Runtime Patterns
These patterns govern how an Agentic OS manages execution state, tracks progress, handles failures, and controls resource consumption during live operation.
Active Plan Board
Intent
Maintain a shared, inspectable representation of the current execution plan that all participants can read and the kernel can update.
Context
When work is decomposed into multiple steps executed by different workers, no single agent holds the complete picture. Without a shared plan, workers operate blindly, the kernel cannot assess overall progress, and adaptation becomes guesswork.
Forces
- A shared plan enables coordination but introduces a synchronization point
- Plan detail must be sufficient for tracking but not so detailed that it becomes stale instantly
- Plans change during execution — the board must support mutation
Structure
The active plan board is a structured document in working memory containing: the goal, current phase, ordered steps with status (pending, in-progress, completed, failed, skipped), dependencies between steps, assigned workers, and intermediate results.

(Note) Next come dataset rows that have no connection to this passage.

(* For every $h\in\widehat{\operatorname{PC}^{\bowtie}}$ and every order-preserving homeomorphism $\phi$ of $[0,1[$, one has $\varepsilon(h\phi)=\varepsilon(h)=\varepsilon(\phi h)$.
   Context: $X=[0,1[$; $\widehat{\operatorname{PC}^{\bowtie}}$ is the group of bijections $X\to X$ continuous outside a finite subset, containing the group ${\mathfrak S}_{\mathrm{fin}}$ of finitely supported permutations with classical signature $\operatorname{sgn}$ valued in $\mathbb{Z}/2\mathbb{Z}$. For $h\in\widehat{\operatorname{PC}^{\bowtie}}$, a partition associated with $h$ is a finite partition $\mathcal P=\{I_1,\dots,I_n\}$ of $X$ into intervals $I_j=[\alpha_j,b_j[$ such that $h$ is continuous on $I_j^\circ=]\alpha_j,b_j[$ for each $j$ (so $h$ is strictly monotone there and $h(I_j^\circ)$ is an open interval). Let $\beta_j$ be the left endpoint of $h(I_j^\circ)$; $\{h(\alpha_j)\}=\{\beta_j\}$, and $\sigma_{(h,\mathcal P)}\in{\mathfrak S}_{\mathrm{fin}}$ sends $h(\alpha_j)$ to $\beta_j$ for each $j$ and fixes all other points. $R(h,\mathcal P)$ is the number of $j$ with $h$ decreasing on $I_j^\circ$, and $\varepsilon(h,\mathcal P)=R(h,\mathcal P)+\operatorname{sgn}(\sigma_{(h,\mathcal P)})\bmod 2$. There is a unique associated partition $\mathcal P^{\min}_h$ with the fewest intervals, every associated partition refines it, and $\varepsilon(h):=\varepsilon(h,\mathcal P^{\min}_h)$. *)

theory Defs
  imports "HOL-Analysis.Analysis" "HOL-Combinatorics.Permutations"
begin

definition Xs :: "real set" where "Xs = {0..<1}"

definition PCbow :: "(real \<Rightarrow> real) \<Rightarrow> bool" where
  "PCbow h \<longleftrightarrow> bij_betw h Xs Xs \<and>
     (\<exists>F. finite F \<and> (\<forall>x\<in>Xs - F. continuous (at x within Xs) h))"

The kernel updates the board as work progresses.
Dynamics
Kernel creates initial plan board → Workers report progress → Kernel updates board → Board reflects reality → Kernel uses board to decide next actions and detect stalls. The board is the single source of truth for execution state.
Benefits
Transparency. Coordination without tight coupling. Debuggable execution. Human-inspectable progress.
Tradeoffs
Board maintenance overhead. Stale boards if updates are delayed.
Failure Modes
Workers that don’t report status, leaving the board inaccurate. Overly granular boards that consume more attention than the work itself.
Related Patterns
Execution Journal, Planner-Executor Split
Execution Journal
Intent
Maintain a chronological, append-only record of all significant events during execution for debugging, auditing, and learning.
Context
When problems occur — a wrong result, a timeout, an unexpected failure — the team needs to reconstruct what happened. In traditional software, we have logs. In agentic systems, we need richer records that capture not just what happened but the reasoning behind decisions.
Forces
- Comprehensive journals are expensive in storage and attention
- Sparse journals leave gaps that make debugging impossible
- Journal format must balance human readability with machine parseability
Structure
Each journal entry contains: timestamp, event type (decision, action, observation, error, escalation), acting agent, context summary, inputs, outputs, duration, and links to related entries. Entries are immutable and append-only.
Dynamics
Every significant event is journaled as it occurs. The kernel can query the journal to detect patterns (repeated failures, escalation spirals, resource exhaustion). Post-execution analysis uses the journal to extract lessons.
Benefits
Full execution reconstruction. Pattern detection. Learning foundation. Compliance evidence.
Tradeoffs
Storage growth. Write overhead. Risk of sensitive data in journals.
Failure Modes
Journal writes that block execution. Journals too verbose to be useful.
Related Patterns
Auditable Action, Active Plan Board, Checkpoints and Rollback
Checkpoints and Rollback
Intent
Create saveable execution states at strategic points so the system can recover from failures by reverting to a known-good state rather than restarting from scratch.
Context
Long-running agentic tasks — multi-step refactors, research synthesis, complex deployments — accumulate significant work before completion. A failure near the end should not require repeating everything from the beginning.
Forces
- Frequent checkpoints increase resilience but add overhead
- Checkpoint restoration must include memory, plan state, and intermediate results
- Not all state is easily serializable (e.g., external side effects)
Structure
A checkpoint captures: the current plan board state, working memory contents, completed step results, and any relevant context. Checkpoints are stored with identifiers and timestamps. On failure, the kernel can load a checkpoint and resume from that point.
Dynamics
Kernel reaches checkpoint trigger (step completion, time interval, risk boundary) → Serialize state → Store checkpoint → Continue execution. On failure: load most recent valid checkpoint → Adjust plan to skip completed steps → Resume.
flowchart TD
Exec[Executing] --> Trig{Checkpoint Trigger?}
Trig -->|Yes| Save[Save State]
Save --> Continue[Continue]
Trig -->|No| Continue
Continue --> Fail{Failure?}
Fail -->|No| Exec
Fail -->|Yes| Load[Load Last Checkpoint]
Load --> Adjust[Adjust Plan]
Adjust --> Exec
Benefits
Resilient long-running tasks. Reduced waste on failure. Enables experimentation with rollback safety.
Tradeoffs
Checkpoint serialization cost. Storage requirements. External side effects cannot be rolled back.
Failure Modes
Checkpoints that capture inconsistent state. Over-reliance on rollback instead of fixing root causes.
Related Patterns
Active Plan Board, Failure Containment, Execution Journal
Failure Containment
Intent
Prevent a failure in one part of the system from cascading into other parts.
Context
In a system with multiple concurrent workers, shared memory, and interconnected plans, a single failure can propagate rapidly. A stuck worker can exhaust resources. A corrupted memory entry can mislead other workers. A failed operator can trigger retry storms.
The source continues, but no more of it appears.